В том месте, где промоина вливалась в ущелье, растопырился путаницей ветвей и пыльных листьев огромный куст. До него-то Леф добрался без особых хлопот, но дальше действительно ходу не было. Да и сам куст, издали казавшийся отличным укрытием, вблизи разочаровал. Спрятавшегося за ним парня невозможно было разглядеть из ущелья, но и сам парень мог видеть немногое. Нескольких послушников из тех, которые оцепили помост со стороны Обители; часть самого помоста и спины двоих-троих Истовых. Ну и еще кусок противоположного склона — щебнистый, рыжий, поросший бурой корявой колючкой; и ласковую голубизну над ним; и солнце, подбиравшееся к самой небесной маковке. А вот Предстоятеля видно не было, и ни единого слова из его речей не долетало сюда, хоть старик наверняка дал полную волю своей бывалой труженице-глотке. Да что там Предстоятель — не было слышно даже толпы. Как парень ни напрягал уши, они ловили лишь отзвуки собственного его дыхания да заунывное пение бесовского ветра.

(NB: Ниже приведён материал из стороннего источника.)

lemma inv_norm_on_pencil_le:
  assumes S: "finite S" and y: "\<And>i. \<bar>y i\<bar> = 1"
    and le: "inv_norm_on S (pencil A y \<theta>') \<le> ereal c" and small: "\<bar>\<theta> - \<theta>'\<bar> * c < 1"
  shows "inv_norm_on S (pencil A y \<theta>) \<le> ereal (c / (1 - \<bar>\<theta> - \<theta>'\<bar> * c))"
proof -
  have "l2norm_on S (mat_apply_on S (diag_on (\<lambda>i. complex_of_real ((\<theta> - \<theta>') * y i))) v)
      = \<bar>\<theta> - \<theta>'\<bar> * l2norm_on S v" for v
    by (rule l2norm_on_diag_on[OF S]) (simp_all add: abs_mult y del: of_real_mult of_real_diff)
  thus ?thesis
    unfolding pencil_shift[of A y \<theta> \<theta>'] by (intro inv_norm_on_add_le[OF S le _ small]) simp
qed

lemma inv_norm_on_pencil_large:
  assumes S: "finite S" and y: "\<And>i. \<bar>y i\<bar> = 1" and big: "opnorm_on S A < \<bar>\<theta>\<bar>"
  shows "inv_norm_on S (pencil A y \<theta>) \<le> ereal (1 / (\<bar>\<theta>\<bar> - opnorm_on S A))"
proof -
  have \<theta>: "\<theta> \<noteq> 0" using big opnorm_on_nonneg[OF S, of A] by auto
  let ?D = "diag_on (\<lambda>i. complex_of_real (\<theta> * y i))"
  have "is_inverse_on S ?D (diag_on (\<lambda>i. complex_of_real (y i / \<theta>)))"
  proof (rule is_inverse_on_diag_on[OF S])
    fix i
    have "\<theta> * y i * (y i / \<theta>) = y i * y i" using \<theta> by simp
    also have "\<dots> = 1" using abs_mult_self_eq[of "y i"] y[of i] by simp
    finally show "complex_of_real (\<theta> * y i) * complex_of_real (y i / \<theta>) = 1"
      by (simp only: of_real_mult[symmetric]) simp
  qed
  moreover have "l2norm_on S (mat_apply_on S (diag_on (\<lambda>i. complex_of_real (y i / \<theta>))) w)
      = (1 / \<bar>\<theta>\<bar>) * l2norm_on S w" for w
    by (rule l2norm_on_diag_on[OF S]) (simp_all add: abs_divide y del: of_real_divide)
  ultimately have D: "inv_norm_on S ?D \<le> ereal (1 / \<bar>\<theta>\<bar>)"
    unfolding inv_norm_on_le_iff[OF S] by auto
  have "pencil A y \<theta> = (\<lambda>i k. ?D i k + A i k)"
    by (simp add: fun_eq_iff pencil_def add.commute)
  moreover have "opnorm_on S A * (1 / \<bar>\<theta>\<bar>) < 1" using big \<theta> by (simp add: field_simps)
  ultimately have "inv_norm_on S (pencil A y \<theta>)
      \<le> ereal ((1 / \<bar>\<theta>\<bar>) / (1 - opnorm_on S A * (1 / \<bar>\<theta>\<bar>)))"
    using inv_norm_on_add_le[OF S D l2norm_on_mat_apply_le[OF S]] by simp
  also have "(1 / \<bar>\<theta>\<bar>) / (1 - opnorm_on S A * (1 / \<bar>\<theta>\<bar>)) = 1 / (\<bar>\<theta>\<bar> - opnorm_on S A)"
    using \<theta> by (simp add: field_simps)
  finally show ?thesis .
qed

lemma inv_norm_on_pencil_gt_near:
  assumes S: "finite S" and y: "\<And>i. \<bar>y i\<bar> = 1" and c: "0 < c"
    and gt: "ereal (2 * c) < inv_norm_on S (pencil A y \<theta>)" and near: "\<bar>\<theta>' - \<theta>\<bar> \<le> 1 / (2 * c)"
  shows "ereal c < inv_norm_on S (pencil A y \<theta>')"
proof (rule ccontr)
  assume "\<not> ereal c < inv_norm_on S (pencil A y \<theta>')"
  hence le: "inv_norm_on S (pencil A y \<theta>') \<le> ereal c" by simp
  have small: "\<bar>\<theta> - \<theta>'\<bar> * c \<le> 1 / 2"
    using mult_right_mono[OF near less_imp_le[OF c]] c by (simp add: abs_minus_commute)
  have "inv_norm_on S (pencil A y \<theta>) \<le> ereal (c / (1 - \<bar>\<theta> - \<theta>'\<bar> * c))"
    using small by (intro inv_norm_on_pencil_le[OF S y le]) simp
  also have "c / (1 - \<bar>\<theta> - \<theta>'\<bar> * c) \<le> 2 * c"
    using small c by (simp add: divide_le_eq algebra_simps)
  finally show False using gt by simp
qed

lemma open_inv_norm_on_pencil_gt:
  assumes S: "finite S" and y: "\<And>i. \<bar>y i\<bar> = 1" and c: "0 < c"
  shows "open {\<theta>. ereal c < inv_norm_on S (pencil A y \<theta>)}"
  unfolding open_dist
proof (intro ballI)
  fix \<theta> assume "\<theta> \<in> {\<theta>. ereal c < inv_norm_on S (pencil A y \<theta>)}"
  then obtain r where r: "c < r" "ereal r < inv_norm_on S (pencil A y \<theta>)"
    using ereal_dense2 by (fastforce simp del: ereal_less_eq)
  define e where "e = (r - c) / (r * c)"
  have e: "0 < e" unfolding e_def using r(1) c by simp
  have "\<theta>' \<in> {\<theta>. ereal c < inv_norm_on S (pencil A y \<theta>)}" if "dist \<theta>' \<theta> < e" for \<theta>'
  proof (rule ccontr)
    assume "\<theta>' \<notin> {\<theta>. ereal c < inv_norm_on S (pencil A y \<theta>)}"
    hence le: "inv_norm_on S (pencil A y \<theta>') \<le> ereal c" by simp
    define t where "t = \<bar>\<theta> - \<theta>'\<bar>"
    have "t * (r * c) < r - c"
      using that r(1) c unfolding t_def e_def dist_real_def by (simp add: abs_minus_commute pos_less_divide_eq)
    hence key: "c < r * (1 - t * c)" by (simp add: algebra_simps)
    hence "0 < r * (1 - t * c)" using c by linarith
    hence tc: "t * c < 1" using r(1) c by (simp add: zero_less_mult_iff)
    have lt: "c / (1 - t * c) < r" using key tc by (simp add: pos_divide_less_eq mult.commute)
    have "inv_norm_on S (pencil A y \<theta>) \<le> ereal (c / (1 - t * c))"
      unfolding t_def by (rule inv_norm_on_pencil_le[OF S y le]) (use tc t_def in simp)
    also have "\<dots> < ereal r" using lt by simp
    finally show False using r(2) by simp
  qed
  thus "\<exists>e>0. \<forall>\<theta>'. dist \<theta>' \<theta> < e \<longrightarrow> \<theta>' \<in> {\<theta>. ereal c < inv_norm_on S (pencil A y \<theta>)}"
    using e by blast
qed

Это было страшно. Знать о близости этакого людского скопища (ведь рядом, совсем же рядом — при хорошем ветре, вроде нынешнего, до крайних доплюнуть можно) и ничего не слышать, ни единого звука! Ведь толпы не умеют молчать. Даже строй учеников орденской Школы частенько гудел, как в штормовые дни сам собою гудит и стонет сигнальный гонг в арсдилонском порту. А ведь толпа — не строй, и слово «дисциплина» вовсе не переводится на здешний язык. Проклятый ветер; проклятое, трижды проклятое, трижды по трижды проклятое серое колдовство! Если бы даже оцепившие толпу послушники вдруг, ни с того ни с сего, принялись рубить братьев-людей, собранных Истовыми для свидетельства могущества Бездонной Мглы, ты, находясь в нескольких десятках шагов, не услыхал бы ни единого вопля. Точно так же не услыхать тебе и окончание речи Предстоятеля, и исполнение Нурдом и Торком их доли задуманного. Так как же ты сможешь исполнить ту долю, которую доверили тебе? Что же делать, что теперь можно сделать? Возвратиться вверх по промоине и попытаться вылезти в другом месте? Нет времени... Выскочить прямо сейчас, затеять драку с послушниками и попробовать не дать себя убить до нужного мига? Истовые ведь все равно будут гнуть свое, задержать взрыв уже не в их воле...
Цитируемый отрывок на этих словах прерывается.